Using scipy.stats.gaussian_kde with 2 dimensional data

jet picture jet · Nov 8, 2010 · Viewed 11.1k times · Source

I'm trying to use the scipy.stats.gaussian_kde class to smooth out some discrete data collected with latitude and longitude information, so it shows up as somewhat similar to a contour map in the end, where the high densities are the peak and low densities are the valley.

I'm having a hard time putting a two-dimensional dataset into the gaussian_kde class. I've played around to figure out how it works with 1 dimensional data, so I thought 2 dimensional would be something along the lines of:

from scipy import stats
from numpy import array
data = array([[1.1, 1.1],
              [1.2, 1.2],
              [1.3, 1.3]])
kde = stats.gaussian_kde(data)
kde.evaluate([1,2,3],[1,2,3])

which is saying that I have 3 points at [1.1, 1.1], [1.2, 1.2], [1.3, 1.3]. and I want to have the kernel density estimation using from 1 to 3 using width of 1 on x and y axis.

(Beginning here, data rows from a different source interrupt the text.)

lemma zero_notin_image_nonzero: "0 \<notin> f ` (UNIV - {0})"
proof
  assume "0 \<in> f ` (UNIV - {0})"
  then obtain u where "u \<noteq> 0" and "0 = f u"
    by blast
  then show False
    using hom_eq_0_iff by simp
qed

lemma image_nonzero_divide_closed:
  assumes "a \<in> f ` (UNIV - {0})" and "b \<in> f ` (UNIV - {0})"
  shows "a / b \<in> f ` (UNIV - {0})"
proof -
  obtain u v where "u \<noteq> 0" "v \<noteq> 0" "a = f u" "b = f v"
    using assms by blast
  then show ?thesis
    by (simp add: hom_divide[symmetric])
qed

lemma map_poly_hom_add: "map_poly f (p + q) = map_poly f p + map_poly f q"
  by (rule poly_eqI) (simp add: coeff_map_poly hom_zero hom_add)

lemma map_poly_hom_diff: "map_poly f (p - q) = map_poly f p - map_poly f q"
  by (rule poly_eqI) (simp add: coeff_map_poly hom_zero hom_diff)

lemma map_poly_hom_mult: "map_poly f (p * q) = map_poly f p * map_poly f q"
  by (induction p) (simp_all add: map_poly_pCons map_poly_smult hom_zero hom_mult map_poly_hom_add)

lemma map_poly_hom_prod: "map_poly f (\<Prod>i\<in>A. p i) = (\<Prod>i\<in>A. map_poly f (p i))"
  by (induction A rule: infinite_finite_induct) (simp_all add: hom_one map_poly_hom_mult)

lemma map_poly_hom_pcompose: "map_poly f (pcompose p q) = pcompose (map_poly f p) (map_poly f q)"
  by (induction p)
    (simp_all add: pcompose_pCons map_poly_pCons hom_zero map_poly_hom_add map_poly_hom_mult)

lemma map_poly_hom_dickson: "map_poly f (dickson k) = dickson k"
  by (induction k rule: dickson.induct)
    (simp_all add: map_poly_pCons hom_zero hom_one hom_of_nat[of 2, simplified]
      map_poly_hom_diff map_poly_hom_mult)

end

lemma field_hom_comp: "field_hom f \<Longrightarrow> field_hom g \<Longrightarrow> field_hom (f \<circ> g)"
  by (simp add: field_hom_def)

lemma field_hom_const_rf: "field_hom const_rf"
  by unfold_locales (simp_all add: const_rf_def One_fract_def mult.commute flip: one_pCons)

lemma inj_power_Y_rf: "inj (\<lambda>n. Y_rf ^ n :: 'a::field poly fract)"
proof (rule injI)
  fix m n
  have Y_power: "Y_rf ^ i = (Fract ([:0, 1:] ^ i) 1 :: 'a poly fract)" for i
    by (induction i) (simp_all add: Y_rf_def One_fract_def)
  assume "Y_rf ^ m = (Y_rf ^ n :: 'a poly fract)"
  then have "([:0, 1:] ^ m :: 'a poly) = [:0, 1:] ^ n"
    by (simp add: Y_power eq_fract)
  then have "degree ([:0, 1:] ^ m :: 'a poly) = degree ([:0, 1:] ^ n :: 'a poly)"
    by simp
  then show "m = n"
    by (simp add: degree_power_eq)
qed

When creating the gaussian_kde, it keeps giving me this error:

raise LinAlgError("singular matrix")
numpy.linalg.linalg.LinAlgError: singular matrix

Looking into the source code of gaussian_kde, I realize that the way I'm thinking about what dataset means is completely different from how the dimensionality is calculate, but I could not find any sample code showing how multi-dimension data works with the module. Could someone help me with some sample ways to use gaussian_kde with multi-dimensional data?

Answer

endolith picture endolith · May 25, 2011

This example seems to be what you're looking for:

import numpy as np
import scipy.stats as stats
from matplotlib.pyplot import imshow

# Create some dummy data
rvs = np.append(stats.norm.rvs(loc=2,scale=1,size=(2000,1)),
                stats.norm.rvs(loc=0,scale=3,size=(2000,1)),
                axis=1)

kde = stats.kde.gaussian_kde(rvs.T)

# Regular grid to evaluate kde upon
x_flat = np.r_[rvs[:,0].min():rvs[:,0].max():128j]
y_flat = np.r_[rvs[:,1].min():rvs[:,1].max():128j]
x,y = np.meshgrid(x_flat,y_flat)
grid_coords = np.append(x.reshape(-1,1),y.reshape(-1,1),axis=1)

z = kde(grid_coords.T)
z = z.reshape(128,128)

imshow(z,aspect=x_flat.ptp()/y_flat.ptp())

enter image description here

Axes need fixing, obviously.

You can also do a scatter plot of the data with

scatter(rvs[:,0],rvs[:,1])

enter image description here